Ой, отвлеклась она, а там картошка, на сковороде подгорает. Вот до чего дожили, уж обед приличный не из чего приготовить. Михаил из последних сил держится, в их НИИ осталось чуть более пятидесяти человек, и тех в любой момент могут сократить. Зарплата у супруга триста двадцать рублей, да и ту не каждый месяц дождешься. И все это притом, что мясо, без которого мужчины жить не могут, в магазинах не сыскать, а на рынке сто семьдесят рублей за кило. Мужчин кормить надо, как следует. Миша не жалуется, хотя недоедает, держится из последних сил, сутулый, хилый, голова вся седая, будто ему не сорок девять, а все шестьдесят стукнуло. Любящее сердце чувствует плохо ему, язва замучила, да и хронический бронхит дает о себе знать. Но даже не ухудшающее день ото дня самочувствие мужа беспокоило более всего Галину Леонидовну. Сын их, Гришенька, ему только что исполнилось семнадцать, школу так и не закончил, и что далее делать, так и не решил. Перебивается кое-как в вечерней школе, пока с очередного места работы не выставят. И сторожем и почтальоном работать нужно, а Гриша об этом думать не желает. Ему бы только целыми днями по друзьям-приятелям разъезжать, да с девицами разгуливать. Вот, если бы ему Ларисину целеустремленность, да на хорошее дело…

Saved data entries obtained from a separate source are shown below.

lemma homogeneous_linear_ode_zero:
  fixes y a :: "real \<Rightarrow> real"
  assumes y_cont: "continuous_on {0..b} y" and a_cont: "continuous_on {0..b} a"
    and y0: "y 0 = 0"
    and y_deriv: "\<And>x. 0 < x \<Longrightarrow> x < b \<Longrightarrow> (y has_real_derivative - a x * y x) (at x)"
    and t: "t \<in> {0..b}"
  shows "y t = 0"
proof -
  define A where "A u = integral {0..u} a" for u
  define G where "G u = y u * exp (A u)" for u
  have "continuous_on {0..b} A"
    unfolding A_def by (intro indefinite_integral_continuous_1 integrable_continuous_interval a_cont)
  then have "continuous_on {0..b} G"
    unfolding G_def by (intro continuous_intros y_cont)
  then have G_cont: "continuous_on {0..t} G"
    using t by (auto elim: continuous_on_subset)
  have G_deriv: "(G has_real_derivative 0) (at x)" if "0 < x" "x < t" for x
  proof -
    have "(A has_real_derivative a x) (at x)"
      unfolding A_def using that t by (intro integral_has_real_derivative_interior[OF a_cont]) auto
    then show ?thesis
      unfolding G_def using that t
      by (auto intro!: derivative_eq_intros y_deriv simp: algebra_simps)
  qed
  show "y t = 0"
  proof (cases "t = 0")
    case False
    with t have "G t = G 0"
      by (intro DERIV_isconst_end[OF _ G_cont]) (use G_deriv in auto)
    then show ?thesis by (simp add: G_def y0)
  qed (simp add: y0)
qed

lemma bernoulli_substitution:
  fixes p F u :: "real \<Rightarrow> real"
  assumes "(p has_real_derivative p') (at x)" "(F has_real_derivative - c * F x) (at x)"
    and "(u has_real_derivative - k * F x * (u x)\<^sup>2) (at x)"
  shows "((\<lambda>r. p r + F r * u r) has_real_derivative p' - c * (F x * u x) - k * (F x * u x)\<^sup>2) (at x)"
  using assms by (auto intro!: derivative_eq_intros simp: algebra_simps power2_eq_square)

lemma bernoulli_substitution_inverse:
  fixes p q F :: "real \<Rightarrow> real"
  assumes "(p has_real_derivative p') (at x)"
    and "(q has_real_derivative p' - c * (q x - p x) - k * (q x - p x)\<^sup>2) (at x)"
    and "(F has_real_derivative - c * F x) (at x)" "F x \<noteq> 0"
  shows "((\<lambda>r. (q r - p r) / F r) has_real_derivative - k * F x * ((q x - p x) / F x)\<^sup>2) (at x)"
  using assms by (auto intro!: derivative_eq_intros simp: field_simps power2_eq_square)

lemma obtain_real_between:
  assumes "ereal x < R"
  obtains b where "x < b" "ereal b < R"
  using ereal_dense2[OF assms] by (metis less_ereal.simps(1))

lemma halfI_if_in_Icc: "ereal b < R \<Longrightarrow> x \<in> {0..b} \<Longrightarrow> x \<in> halfI R"
  unfolding halfI_def by (auto intro: order.strict_trans1[of _ "ereal b"])

lemma openI_if_in_Ioc: "ereal b < R \<Longrightarrow> x \<in> {0<..b} \<Longrightarrow> x \<in> openI R"
  unfolding openI_def by (auto intro: order.strict_trans1[of _ "ereal b"])

lemma open_openI: "open (openI R)"
  unfolding openI_def
  by (intro open_Collect_conj open_Collect_less continuous_intros continuous_on_ereal)

lemma integral_has_real_derivative_openI:
  fixes f :: "real \<Rightarrow> real"
  assumes "\<And>b. ereal b < R \<Longrightarrow> continuous_on {0..b} f" and "x \<in> openI R"
  shows "((\<lambda>u. integral {0..u} f) has_real_derivative f x) (at x)"
proof -
  obtain b where "x < b" "ereal b < R"
    using assms(2) obtain_real_between unfolding openI_def by blast
  then show ?thesis
    using assms(2) unfolding openI_def by (intro integral_has_real_derivative_interior assms(1)) auto
qed

definition metric_factor :: "(real \<Rightarrow> real) \<Rightarrow> real \<Rightarrow> real" where
  "metric_factor \<rho> r = 1 - 2 * mass \<rho> r / r"

definition TOV_linear_coeff :: "(real \<Rightarrow> real) \<Rightarrow> (real \<Rightarrow> real) \<Rightarrow> real \<Rightarrow> real" where
  "TOV_linear_coeff \<rho> p r =
     (mass \<rho> r + 4 * pi * r ^ 3 * (\<rho> r + 2 * p r)) / (r\<^sup>2 * metric_factor \<rho> r)"

definition TOV_quadratic_coeff :: "(real \<Rightarrow> real) \<Rightarrow> real \<Rightarrow> real" where
  "TOV_quadratic_coeff \<rho> r = 4 * pi * r ^ 3 / (r\<^sup>2 * metric_factor \<rho> r)"

definition perturbation_factor :: "(real \<Rightarrow> real) \<Rightarrow> (real \<Rightarrow> real) \<Rightarrow> real \<Rightarrow> real" where
  "perturbation_factor \<rho> p r = sqrt (metric_factor \<rho> r) * exp (- 2 * I0 \<rho> p r)"

definition Dfun_integrand :: "(real \<Rightarrow> real) \<Rightarrow> (real \<Rightarrow> real) \<Rightarrow> real \<Rightarrow> real" where
  "Dfun_integrand \<rho> p s = s * exp (- 2 * I0 \<rho> p s) / sqrt (metric_factor \<rho> s)"

lemma TOV_rhs_expand:
  "TOV_rhs \<rho> q r = TOV_rhs \<rho> p r - TOV_linear_coeff \<rho> p r * (q r - p r)
     - TOV_quadratic_coeff \<rho> r * (q r - p r)\<^sup>2"
proof -
  let ?d = "r\<^sup>2 * metric_factor \<rho> r"
  let ?c = "mass \<rho> r + 4 * pi * r ^ 3 * (\<rho> r + 2 * p r)" and ?k = "4 * pi * r ^ 3"
  have "TOV_rhs \<rho> q r - TOV_rhs \<rho> p r = - (?c * (q r - p r) + ?k * (q r - p r)\<^sup>2) / ?d"
    unfolding TOV_rhs_def metric_factor_def diff_divide_distrib[symmetric]
    by (simp add: algebra_simps power2_eq_square)
  also have "\<dots> = - (?c / ?d * (q r - p r) + ?k / ?d * (q r - p r)\<^sup>2)"
    by (simp add: add_divide_distrib diff_divide_distrib times_divide_eq_left[symmetric]
        del: times_divide_eq_left)
  finally show ?thesis
    unfolding TOV_linear_coeff_def TOV_quadratic_coeff_def by simp
qed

Как с ним быть, ломала голову Галина Леонидовна. Еще больше она недоумевала над вопросом: как прожить на четыреста тридцать рублей, составляющих семейный бюджет четырех взрослых людей? За квартиру заплати, врачу в поликлинике хоть какой-нибудь гостинец, да, дай, а то помощи век не дождаться. Лекарства дорожают каждый месяц, так, что лучше не болеть.
В прихожей хлопнула дверь. Лариса вернулась, а у нее пельмени еще не сварены. – Проходи, доченька, я уже в тарелку выкладываю.
На кухню стандартной трехкомнатной квартиры вошли двое: высокий, худой юноша с бегающим взглядом и державшая его за руку миниатюрная девочка в черном комбинезоне. Бросался в глаза яркий макияж гостьи, который некоторые вполне могли бы назвать вульгарным, сильно портящим миловидное личико. Однако девочка улыбалась, что извиняло все ее недостатки.
- Привет, мам. Мы с Катюшей пообедаем. У тебя все готово, - Гриша довольно облизнулся, глядя на незатейливое угощение.
Галина Леонидовна не растерялась, - Я Ларису жду, но и вас покормлю.
За столом пришедшие все больше налегали на еду, почти не разговаривали. Гриша предупредил, что они с Катей едут на выходные в Ленинград. – У Кати там тетка живет. Погуляем, город посмотрим.
Галина Леонидовна промолчала. Ей было хорошо известно, о чем далее заикнется сын. Но помогать ему материально старшая Латушкина не намеревалась. Лариса два года без отпуска. Отложенные с большим трудом небольшие сбережения ей самой пригодятся. Ее знакомство с Гришиной подругой походило на взятие интервью. Лариса забросала гостью вопросами, на которые Катя из-за набитого рта вправе была не давать ответа.
Когда Лариса узнала о Гришином затруднении, Лариса по-сестрински предложила, - Мама, а, может, Грише все-таки немного подкинуть?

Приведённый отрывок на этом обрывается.